„Das Revier nicht absaufen lassen“

Kundgebung des Deutschen Gewerkschaftsbundes (DGB) in Rheinhausen / Für Steinkühler zur Begrüßung ein Pfeifkonzert / Heuchler-Rufe für den IGM-Chef / Betriebsrat erneuert Forderung nach Erhalt des Standortes  ■ Aus Rheinhausen W.Jakobs

„Heuchler, Heuchler“, riefen einige Stahlkocher, Pfui-Rufe ertönten aus der Halle und dann ein gellendes Pfeifkonzert. So wurde gestern im Krupp-Walzwerk nicht der Krupp-Chef begrüßt, sondern der Unmut galt ausgerechnet dem Gewerkschaftsvorsitzenden Steinkühler, dessen Organisation bei Krupp-Rheinhausen mit knapp 95 Prozent einen erstklassigen Organisationsgrad vorweisen kann. Franz Steinkühler bringt im Verlauf seiner Rede den Saal zwar zum Schweigen – mit Hilfe einer riesigen Lautsprecheranlage –, aber auf große Sympathie stoßen seine Ausführungen nicht.

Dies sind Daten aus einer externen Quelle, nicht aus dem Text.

(* Let $a\in C^\infty(\mathbb{R})$ satisfy condition (A). The function \[ q(\xi_1,\xi_2):=\frac{\xi_1a(\xi_1)+\xi_2a(\xi_2)}{\xi_1+\xi_2},\qquad(\xi_1,\xi_2)\in\mathbb{R}^2,\ \xi_1+\xi_2\ne0, \] extends to a smooth positive function on $\mathbb{R}^2$ (namely $q(\xi_1,\xi_2)=\int_0^1(\xi a(\xi))'(-\xi_2+(\xi_1+\xi_2)t)\,dt$). Moreover, with $\xi_{\max}:=|\xi_1|\vee|\xi_2|$: (i) $q(\xi_1,\xi_2)\sim a(\xi_{\max})$, and $|\partial_1^{\gamma_1}\partial_2^{\gamma_2}q(\xi_1,\xi_2)|\lesssim\langle\xi_1\rangle^{-\gamma_1}\langle\xi_2\rangle^{-\gamma_2}a(\xi_{\max})$ for $1\le\gamma_1+\gamma_2\le3$; (ii) $|\partial_1^{\gamma_1}\partial_2^{\gamma_2}(\partial_1-\partial_2)q(\xi_1,\xi_2)|\lesssim\langle\xi_1\rangle^{-\gamma_1}\langle\xi_2\rangle^{-\gamma_2}\langle\xi_{\max}\rangle^{-1}a(\xi_{\max})$ for $0\le\gamma_1+\gamma_2\le3$, for all $(\xi_1,\xi_2)\in\mathbb{R}^2$, with implicit constants depending only on those in (A).
   Context: Condition (A) on $a$: $a$ is positive, even, non-decreasing on $[0,\infty)$, constant on $[-1,1]$; $a(2\xi)\lesssim a(\xi)$ for all $\xi>0$; $a(N_1)/a(N_2)\gtrsim(N_1/N_2)^{1/2}$ for all dyadic $N_1>N_2\ge1$ (dyadic meaning powers of $2$); $|\partial_\xi^ja(\xi)|\lesssim\langle\xi\rangle^{-j}a(\xi)$ for all $\xi\in\mathbb{R}$, $1\le j\le5$, where $\langle\xi\rangle=(1+\xi^2)^{1/2}$. $A\sim B$ means $A\lesssim B\lesssim A$. *)

theory Defs
  imports "HOL-Analysis.Analysis"
begin

definition jbr :: "real \<Rightarrow> real" where
  "jbr x = sqrt (1 + x\<^sup>2)"

definition smooth1 :: "(real \<Rightarrow> real) \<Rightarrow> bool" where
  "smooth1 f \<longleftrightarrow> (\<forall>k x. ((deriv ^^ k) f) differentiable (at x))"

definition pd1 :: "(real \<times> real \<Rightarrow> real) \<Rightarrow> real \<times> real \<Rightarrow> real" where
  "pd1 f = (\<lambda>(x, y). deriv (\<lambda>s. f (s, y)) x)"

definition pd2 :: "(real \<times> real \<Rightarrow> real) \<Rightarrow> real \<times> real \<Rightarrow> real" where
  "pd2 f = (\<lambda>(x, y). deriv (\<lambda>s. f (x, s)) y)"

definition pdw :: "bool list \<Rightarrow> (real \<times> real \<Rightarrow> real) \<Rightarrow> real \<times> real \<Rightarrow> real" where
  "pdw ds f = foldr (\<lambda>d g. if d then pd1 g else pd2 g) ds f"

text \<open>C^infinity on R^2: all iterated partial derivatives, in any order, exist everywhere
  and are continuous (this is equivalent to being C^infinity).\<close>
definition smooth2 :: "(real \<times> real \<Rightarrow> real) \<Rightarrow> bool" where
  "smooth2 f \<longleftrightarrow> (\<forall>ds. continuous_on UNIV (pdw ds f) \<and>
      (\<forall>x y. (\<lambda>s. pdw ds f (s, y)) differentiable (at x) \<and>
             (\<lambda>s. pdw ds f (x, s)) differentiable (at y)))"

text \<open>Condition (A) with all implicit constants bounded by a single constant C.\<close>
definition condA :: "real \<Rightarrow> (real \<Rightarrow> real) \<Rightarrow> bool" where
  "condA C a \<longleftrightarrow>
     (\<forall>x. a x > 0) \<and> (\<forall>x. a (- x) = a x) \<and> mono_on {0..} a \<and>
     (\<forall>x\<in>{-1..1}. a x = a 0) \<and>
     (\<forall>x>0. a (2 * x) \<le> C * a x) \<and>
     (\<forall>m n :: nat. (2::real) ^ m > 2 ^ n \<longrightarrow>
        a (2 ^ m) / a (2 ^ n) \<ge> (1 / C) * sqrt (2 ^ m / 2 ^ n)) \<and>
     (\<forall>j\<in>{1..5::nat}. \<forall>x. \<bar>(deriv ^^ j) a x\<bar> \<le> C * a x / jbr x ^ j)"

end

theory Submission
  imports Defs
begin

text \<open>Let \<open>M = max \<bar>\<xi>\<^sub>1\<bar> \<bar>\<xi>\<^sub>2\<bar>\<close>. Since \<open>\<xi>\<^sub>1 + \<xi>\<^sub>2\<close> is the length of the segment from
  \<open>-\<xi>\<^sub>2\<close> to \<open>\<xi>\<^sub>1\<close>, \<open>q\<close> is the mean of \<open>(\<xi> a(\<xi>))'\<close> along that segment, which extends it smoothly
  across the antidiagonal. Differentiating in \<open>\<xi>\<^sub>1\<close> or \<open>\<xi>\<^sub>2\<close> multiplies the integrand by
  \<open>t\<close> or \<open>t - 1\<close> and raises the order of the derivative of \<open>\<xi> a(\<xi>)\<close>, so every derivative of
  \<open>q\<close> is a weighted mean of a higher derivative of \<open>\<xi> a(\<xi>)\<close>. If \<open>M \<le> 1\<close> or
  \<open>2 \<bar>\<xi>\<^sub>1 + \<xi>\<^sub>2\<bar> \<le> M\<close>, the segment stays at distance \<open>\<ge> M / 2\<close> from the origin and
  condition (A) bounds the integrand pointwise. Otherwise \<open>\<bar>\<xi>\<^sub>1 + \<xi>\<^sub>2\<bar> > M / 2\<close>, and integrating
  by parts in \<open>t\<close> trades one derivative for a factor \<open>1 / (\<xi>\<^sub>1 + \<xi>\<^sub>2)\<close> plus endpoint terms,
  which gives the bounds by induction on the order. The lower bound \<open>a(M) \<le> 2 q\<close> holds because
  \<open>a\<close> is even and nondecreasing in \<open>\<bar>\<xi>\<bar>\<close>.\<close>

lemma jbr_ge_1: "1 \<le> jbr s"
  unfolding jbr_def by simp

lemma jbr_pos: "0 < jbr s"
  using jbr_ge_1[of s] by linarith

lemma jbr_nonneg [simp]: "0 \<le> jbr s"
  using jbr_pos[of s] by linarith

lemma abs_le_jbr: "\<bar>s\<bar> \<le> jbr s"
  unfolding jbr_def by (simp add: real_le_rsqrt)

lemma jbr_minus [simp]: "jbr (- s) = jbr s"
  unfolding jbr_def by simp

lemma jbr_mono: "\<bar>u\<bar> \<le> \<bar>v\<bar> \<Longrightarrow> jbr u \<le> jbr v"
  unfolding jbr_def by (simp add: abs_le_square_iff)

lemma jbr_le_2: "\<bar>s\<bar> \<le> 1 \<Longrightarrow> jbr s \<le> 2"
proof -
  assume "\<bar>s\<bar> \<le> 1"
  then have "jbr s \<le> jbr 1" by (intro jbr_mono) simp
  also have "jbr 1 \<le> 2" unfolding jbr_def by (rule real_le_lsqrt) auto
  finally show ?thesis .
qed

lemma jbr_le_twice: "1 \<le> M \<Longrightarrow> jbr M \<le> 2 * M"
proof -
  assume "1 \<le> M"
  then have "1 \<le> M * M" using mult_mono[of 1 M 1 M] by simp
  then show ?thesis unfolding jbr_def using \<open>1 \<le> M\<close> by (intro real_le_lsqrt) (auto simp: power2_eq_square)
qed

lemma jbr_le_twice_jbr: "0 \<le> M \<Longrightarrow> M \<le> 2 * \<bar>s\<bar> \<Longrightarrow> jbr M \<le> 2 * jbr s"
proof -
  assume "0 \<le> M" "M \<le> 2 * \<bar>s\<bar>"
  then have "M\<^sup>2 \<le> (2 * \<bar>s\<bar>)\<^sup>2" by (intro power_mono) auto
  then have "1 + M\<^sup>2 \<le> (2 * jbr s)\<^sup>2" unfolding jbr_def by (simp add: power_mult_distrib)
  then show ?thesis
    using real_le_lsqrt[of "2 * jbr s" "1 + M\<^sup>2"] jbr_pos[of s] unfolding jbr_def by simp
qed

lemma jbr_monomial_le:
  assumes "jbr x \<le> B" "jbr y \<le> B" "jbr z \<le> B"
  shows "jbr x ^ \<alpha> * jbr y ^ \<beta> * jbr z ^ e \<le> B ^ (\<alpha> + \<beta> + e)"
proof -
  have "0 \<le> B" using assms(1) jbr_pos[of x] by linarith
  then have "jbr x ^ \<alpha> * jbr y ^ \<beta> * jbr z ^ e \<le> B ^ \<alpha> * B ^ \<beta> * B ^ e"
    using assms jbr_pos by (intro mult_mono power_mono) (auto simp: less_imp_le)
  then show ?thesis by (simp add: power_add)
qed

Auch über seinen Einstieg – „Man hat mir gesagt, daß hier einige Kisten Eier hineingetragen worden sind. Wenn ich glauben würde, daß euch mit Eiern geholfen werden könnte, hätte die IG Metall schon die ganze Produktion aufgekauft.“ – mag hier niemand lachen. Zwar werden dann doch keine Eier geworfen, aber Steinkühler, dem man seine Zurückhaltung und Abwesenheit beim Kampf um die Krupp-Hütte in Rheinhausen seit Beginn der Auseinandersetzung verübelt, hat hier spätestens durch seine Interviewäußerung, das Krupp-Konzept sei „betriebswirtschaftlich plausibel“, jede Sympathie verspielt. Zwar bekommt der IGM- Chef im Verlauf seiner Rede gelegentlich Beifall, aber die Leute registrieren genau, daß er den Erhalt des Stahlstandortes Rheinhausen explizit nicht fordert.

Die Krise bestehe darin, so zitiert Steinkühler Antonio Gramsci, „daß das Alte stirbt und das Neue nicht wächst“. Deshalb gehe es darum, „die Verteidigung vor handener Arbeitsplätze und die Schaffung neuer Arbeitsplätze am Ort und im Revier zu verbinden“. Im Gespräch mit Journalisten wurde Steinkühler dann präziser. Zwar könne niemand sagen „ob in 20 Jahren noch in allen Stahlstandorten Stahl produziert“ werde, aber aktuell gelte die IGM-Forderung „nach Erhalt aller Stahlstandorte“. Die Alternativen, die die IGM bei den Montanrunden in Düsseldorf – dort begann die Konferenz am Mittwoch nachmittag – und am 24.2. in Bonn „auf den Tisch legen wird, gehen nicht nur davon aus, daß der Stahlstandort in Rheinhausen erhalten werden muß, sondern auch erhalten werden kann“.

Stürmisch gefeiert wurde in Rheinhausen ein anderer IG-Metaller. Manfred Bruckschen, Betriebsratsvorsitzender, redet Klartext, und das kommt an in der Halle, in der sich nach Angaben der Veranstalter 15.000 Menschen versammelt haben. Der Kampf für den Stahlstandort könne gewonnen werden, „wenn wir uns nicht feige verkriechen, sondern mutig nach vorn gehen und solidarisch für einander einstehen“.

Am Samstag steigt im Walzwerk ein riesiges „Stahlfestival“, und in der nächsten Woche wollen die Gewerkschaften, einen Tag vor der Montanrunde in Bonn, eine Menschenkette quer durch das Revier auf die Beine stellen – von Krupp-Rheinhausen bis zum Hoesch-Stahlwerk nach Dortmund. Der Landesbezirk des DGB, der sich im Dezember noch geziert hatte, landesweit zu Aktionen aufzurufen, macht diesmal mit.